The other day, we were bemoaning the amount of time we spend working for SATs. We want good results, and you have to keep up with the pack. And don't all the other schools cram too? You can't afford to be left behind. When I was in my last year at junior school, the teacher spent most of her time preparing us for the 11-plus. As a young teacher, I devoted hours to showing my 11-year-olds how to crack verbal reasoning tests. Yes, there was an interesting lull in the anti-test Seventies and Eighties, but anything went then, and often children didn't learn much at all. Overkill, in the form of a new government, a national curriculum and oodles of expensive testing arrived to sort that out.

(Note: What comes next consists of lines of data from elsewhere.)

(* Let $n,r\in\mathbb N$ be positive integers, $\mathbf p\in\mathcal P_n$, and $\mathbf Z=(Z_1,\dots,Z_n)\sim\mathrm{Multinomial}(nr,\mathbf p)$. Then for every $\mu>0$, $$\mathbb P\Big[D\Big(\tfrac{\mathbf Z}{nr}\,\Big\|\,\mathbf p\Big)\ge\frac{\Delta(r)+\mu}{r}\Big]\le\sqrt{2\pi e\, n r}\;e^{-n\mu}.$$
   Context: $\mathcal P_n=\{(p_1,\dots,p_n):p_i\ge0,\sum_ip_i=1\}$. $D(\mathbf q\|\mathbf p)=\sum_i q_i\log(q_i/p_i)$ is the Kullback–Leibler divergence with natural logarithms and $0\log 0=0$. $\Psi(t)=(1+t)\log(1+t)-t\log t$ for $t>0$, $\zeta$ is the Riemann zeta function, and $\Delta(r)=\inf_{q>2}\big\{(1-\frac1q)\Psi(r)+\frac1q\log[1+(2\pi)^{-q/2}\zeta(q/2)]\big\}$. *)

theory Defs
  imports "HOL-Analysis.Analysis"
begin

definition prob_simplex :: "nat \<Rightarrow> (nat \<Rightarrow> real) \<Rightarrow> bool" where
  "prob_simplex n p \<longleftrightarrow> (\<forall>i<n. p i \<ge> 0) \<and> (\<Sum>i<n. p i) = 1"

definition multinomial_support :: "nat \<Rightarrow> nat \<Rightarrow> (nat \<Rightarrow> nat) set" where
  "multinomial_support n N = {z. (\<forall>i. n \<le> i \<longrightarrow> z i = 0) \<and> (\<Sum>i<n. z i) = N}"

definition multinomial_pmf :: "nat \<Rightarrow> nat \<Rightarrow> (nat \<Rightarrow> real) \<Rightarrow> (nat \<Rightarrow> nat) \<Rightarrow> real" where
  "multinomial_pmf n N p z = fact N / (\<Prod>i<n. fact (z i)) * (\<Prod>i<n. p i ^ z i)"

definition multinomial_prob :: "nat \<Rightarrow> nat \<Rightarrow> (nat \<Rightarrow> real) \<Rightarrow> ((nat \<Rightarrow> nat) \<Rightarrow> bool) \<Rightarrow> real" where
  "multinomial_prob n N p E = (\<Sum>z\<in>{z\<in>multinomial_support n N. E z}. multinomial_pmf n N p z)"

definition kl_div :: "nat \<Rightarrow> (nat \<Rightarrow> real) \<Rightarrow> (nat \<Rightarrow> real) \<Rightarrow> real" where
  "kl_div n q p = (\<Sum>i<n. if q i = 0 then 0 else q i * ln (q i / p i))"

definition Psi :: "real \<Rightarrow> real" where
  "Psi t = (1 + t) * ln (1 + t) - t * ln t"

definition zeta_real :: "real \<Rightarrow> real" where
  "zeta_real s = (\<Sum>k. 1 / (real (Suc k)) powr s)"

definition Delta :: "real \<Rightarrow> real" where
  "Delta r = Inf ((\<lambda>q. (1 - 1/q) * Psi r + (1/q) * ln (1 + (2*pi) powr (-q/2) * zeta_real (q/2))) ` {2<..})"

end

The trouble is, SATs affect other year groups as well. Schools are worried about leaving everything to the final year, and Year 5 now has "practice SATs". Even the last two years of primary school might not give enough time to master the art of putting tracing paper over shapes to see which two make a square, so hadn't we better design our own in-school SATs for Years 3 and 4? I sometimes think primary schools are becoming factories with the sole aim of getting everybody out of the building with a level 4.
There are knock-on effects, too. Ofsted inspectors seem to use SATs as a litmus test for everything. Before the team arrives, the registered inspector will have pored over graphs and percentages in those riveting booklets, the Panda and Picsii. Not to mention your S1, S2, S3 and S4, forms designed by VDPs (very dull people), purporting to give a picture of the school in miniature and not doing anything of the sort. Then, having found the tiniest weakness in your Year 2 SATs for 1835, where the graph trembled because able Daphne had moved to another school and your best teacher had annoyingly gone off to have a birthday, they'll home in to show that your school is falling apart. Even local school inspectors use these bits of paper religiously. Every year, when the delivery man risks a hernia getting SATs boxes up the stairs, my stomach lurches at what it must all cost. Even the instructions for sending the tests off contain unbelievably detailed instructions.

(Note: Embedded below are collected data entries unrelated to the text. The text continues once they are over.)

lemma triangle_param_has_derivative:
  "(triangle_param a b q has_derivative triangle_param_deriv a b q v) (at v within S)"
proof -
  have "(triangle_param a b q has_derivative triangle_param_deriv a b q v) (at v)"
    unfolding triangle_param_def triangle_param_deriv_def
    by (rule derivative_eq_intros refl bounded_linear.has_derivative[OF bounded_linear_vec_nth])+
      (simp add: fun_eq_iff algebra_simps)
  then show ?thesis
    by (rule has_derivative_at_withinI)
qed

lemma det_triangle_param_deriv:
  "det (matrix (triangle_param_deriv a b q v)) = (1 - v$2) * cross2 (b - a) (q - a)"
  by (simp add: det_2 matrix_def triangle_param_deriv_def cross2_def axis_def algebra_simps)

lemma triangle_param_eq:
  "triangle_param a b q v = a + ((1 - v$2) * v$1) *\<^sub>R (b - a) + v$2 *\<^sub>R (q - a)"
  by (simp add: triangle_param_def algebra_simps)

lemma inj_on_triangle_param:
  assumes "cross2 (b - a) (q - a) \<noteq> 0"
  shows "inj_on (triangle_param a b q) half_open_square"
proof (rule inj_onI)
  fix v w assume v: "v \<in> half_open_square" and w: "w \<in> half_open_square"
    and "triangle_param a b q v = triangle_param a b q w"
  then have "((1 - v$2) * v$1) *\<^sub>R (b - a) + v$2 *\<^sub>R (q - a) = ((1 - w$2) * w$1) *\<^sub>R (b - a) + w$2 *\<^sub>R (q - a)"
    by (simp add: triangle_param_eq)
  from cross2_coords_unique[OF assms this]
  have "(1 - v$2) * v$1 = (1 - w$2) * w$1" and "v$2 = w$2"
    by auto
  moreover have "v$2 < 1"
    using v by (simp add: half_open_square_def)
  ultimately show "v = w"
    by (simp add: vec_eq_iff forall_2)
qed

lemma triangle_param_image_subset: "triangle_param a b q ` half_open_square \<subseteq> convex hull {a, b, q}"
proof
  fix x assume "x \<in> triangle_param a b q ` half_open_square"
  then obtain v where v: "v \<in> half_open_square" and x: "x = triangle_param a b q v"
    by auto
  have "x = ((1 - v$2) * (1 - v$1)) *\<^sub>R a + ((1 - v$2) * v$1) *\<^sub>R b + v$2 *\<^sub>R q"
    by (simp add: x triangle_param_def algebra_simps)
  also have "\<dots> \<in> convex hull {a, b, q}"
  proof (rule in_convex_hull_3I)
    show "0 \<le> (1 - v$2) * (1 - v$1)" "0 \<le> (1 - v$2) * v$1" "0 \<le> v$2"
      using v by (auto simp: half_open_square_def)
    show "(1 - v$2) * (1 - v$1) + (1 - v$2) * v$1 + v$2 = 1"
      by (simp add: algebra_simps)
  qed
  finally show "x \<in> convex hull {a, b, q}" .
qed

lemma triangle_subset_triangle_param_image:
  "convex hull {a, b, q} \<subseteq> insert q (triangle_param a b q ` half_open_square)"
proof
  fix x assume "x \<in> convex hull {a, b, q}"
  then obtain u v w where uvw: "0 \<le> u" "0 \<le> v" "0 \<le> w" "u + v + w = 1"
    and x: "x = u *\<^sub>R a + v *\<^sub>R b + w *\<^sub>R q"
    unfolding convex_hull_3 by blast
  show "x \<in> insert q (triangle_param a b q ` half_open_square)"
  proof (cases "w = 1")
    case True
    then have "u = 0" "v = 0"
      using uvw by auto
    then show ?thesis
      using True x by simp
  next
    case False
    then have w1: "w < 1"
      using uvw by auto
    define z :: "real^2" where "z = vector [v / (1 - w), w]"
    have "z \<in> half_open_square"
      using uvw w1 by (simp add: half_open_square_def z_def divide_simps)
    moreover have "triangle_param a b q z = x"
    proof -
      have "(1 - w) * (1 - v / (1 - w)) = 1 - w - v" and "(1 - w) * (v / (1 - w)) = v"
        using w1 by (simp_all add: field_simps)
      moreover have "1 - w - v = u"
        using uvw(4) by simp
      ultimately show ?thesis
        by (simp add: triangle_param_def z_def x scaleR_add_right)
    qed
    ultimately show ?thesis
      by blast
  qed
qed

lemma half_open_square_lebesgue: "half_open_square \<in> sets lebesgue"
proof -
  have "half_open_square = {v. 0 \<le> v$1} \<inter> {v. v$1 \<le> 1} \<inter> {v. 0 \<le> v$2} \<inter> {v. v$2 < (1::real)}"
    by (auto simp: half_open_square_def)
  also have "\<dots> \<in> sets borel"
    by (intro sets.Int borel_closed borel_open closed_Collect_le open_Collect_less continuous_intros)
  finally show ?thesis
    by simp
qed

lemma has_integral_half_open_square:
  fixes h :: "real^2 \<Rightarrow> real"
  assumes "(h has_integral I) (cbox 0 1)"
  shows "(h has_integral I) half_open_square"
proof -
  have N: "negligible (sym_diff half_open_square (cbox 0 1))"
  proof (rule negligible_subset[OF negligible_standard_hyperplane[of "axis 2 1" 1]])
    show "axis 2 1 \<in> (Basis :: (real^2) set)"
      by (auto simp: Basis_vec_def)
    show "sym_diff half_open_square (cbox 0 1) \<subseteq> {x::real^2. x \<bullet> axis 2 1 = 1}"
      by (auto simp: half_open_square_def mem_box_cart forall_2 inner_axis)
  qed
  have "negligible {x \<in> half_open_square - cbox 0 1. h x \<noteq> 0}"
    "negligible {x \<in> cbox 0 1 - half_open_square. h x \<noteq> 0}"
    by (blast intro: negligible_subset[OF N])+
  then show ?thesis
    using assms has_integral_spike_set_eq by blast
qed

lemma integral_triangle_as_square:
  fixes f :: "real^2 \<Rightarrow> real"
  assumes D: "cross2 (b - a) (q - a) \<noteq> 0" and f: "f absolutely_integrable_on convex hull {a, b, q}"
  defines "J \<equiv> \<lambda>v. \<bar>cross2 (b - a) (q - a)\<bar> * ((1 - v$2) * f (triangle_param a b q v))"
  shows "J absolutely_integrable_on half_open_square"
    and "integral (convex hull {a, b, q}) f = integral half_open_square J"
proof -
  let ?T = "convex hull {a, b, q}" and ?G = "triangle_param a b q ` half_open_square"
  have "?T - ?G \<subseteq> {q}" "?G - ?T = {}"
    using triangle_param_image_subset[of a b q] triangle_subset_triangle_param_image[of a b q]
    by blast+
  then have spike: "negligible {x \<in> ?T - ?G. h x \<noteq> 0}" "negligible {x \<in> ?G - ?T. h x \<noteq> 0}"
    for h :: "real^2 \<Rightarrow> real"
    by (blast intro: negligible_subset[OF negligible_sing[of q]])+
  have J: "J v = \<bar>det (matrix (triangle_param_deriv a b q v))\<bar> * f (triangle_param a b q v)"
    if "v \<in> half_open_square" for v
    using that by (simp add: J_def det_triangle_param_deriv abs_mult half_open_square_def)
  have "f absolutely_integrable_on ?G"
    using f absolutely_integrable_spike_set_eq[OF spike] by blast
  note cov = absolutely_integrable_change_of_variables_real[OF half_open_square_lebesgue
      triangle_param_has_derivative inj_on_triangle_param[OF D] this]
  show "J absolutely_integrable_on half_open_square"
    using absolutely_integrable_spike[OF cov(1) negligible_empty] J by simp
  have "integral half_open_square J
      = integral half_open_square (\<lambda>v. \<bar>det (matrix (triangle_param_deriv a b q v))\<bar> * f (triangle_param a b q v))"
    by (rule integral_cong) (rule J)
  then show "integral ?T f = integral half_open_square J"
    using cov(2) integral_spike_set[OF spike] by simp
qed

lemma convex_on_triangle_edge:
  fixes f :: "real^2 \<Rightarrow> real"
  assumes cv: "convex_on (convex hull {a, b, q}) f"
  defines "\<phi> \<equiv> \<lambda>u. f ((1 - u) *\<^sub>R a + u *\<^sub>R b)"
  shows "convex_on {0..1} \<phi>" and "\<exists>M. \<forall>u\<in>{0..1}. - M \<le> \<phi> u"
    and "(\<phi> has_integral avg_segment f a b) {0..1}"
proof -
  let ?T = "convex hull {a, b, q}"
  obtain M where bd: "\<And>x. x \<in> ?T \<Longrightarrow> \<bar>f x\<bar> \<le> M"
    using convex_on_triangle_bounded[OF cv] by blast
  have edge: "(1 - u) *\<^sub>R a + u *\<^sub>R b \<in> ?T" if "u \<in> {0..1}" for u
    using in_convex_hull_3I[of "1 - u" u 0 a b q] that by simp
  show cv\<phi>: "convex_on {0..1} \<phi>"
    unfolding \<phi>_def using cv by (intro convex_on_segment_param) (auto simp: hull_inc)
  show "\<exists>M. \<forall>u\<in>{0..1}. - M \<le> \<phi> u"
    using bd edge unfolding \<phi>_def by (metis abs_le_D2 minus_le_iff)
  have "\<phi> absolutely_integrable_on {0..1}"
    using bd edge by (intro convex_on_bounded_absolutely_integrable_on[OF cv\<phi>]) (auto simp: \<phi>_def)
  then show "(\<phi> has_integral avg_segment f a b) {0..1}"
    by (simp add: avg_segment_def \<phi>_def[symmetric] absolutely_integrable_on_def has_integral_integral)
qed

Parents have been persuaded that SATs are vital. In my school only two children have ever been absent for them, and one was only away for a day. Once the lift in a local block of flats broke as five of our children were on their way for the start of SATs week. Three were terrified. Not because they were stuck, but because they might miss science "A". And yet the SATs results don't matter to the children. They've got secondary school places, the schools have been informed about their abilities, and the parents are aware of how their children are progressing because the teachers spend time with them. They matter to the school though. My God, everybody, we've slipped two places down the league tables. We're coasting. Or failing. Next stop, special measures.
I had to smile when a mother approached a friend of mine, and asked if he could give her 11-year-old some extra lessons a couple of times a week. "SATs practice?" inquired my friend. "No bleedin' fear," she said. "He gets that all day long. Can't he paint a picture or something?"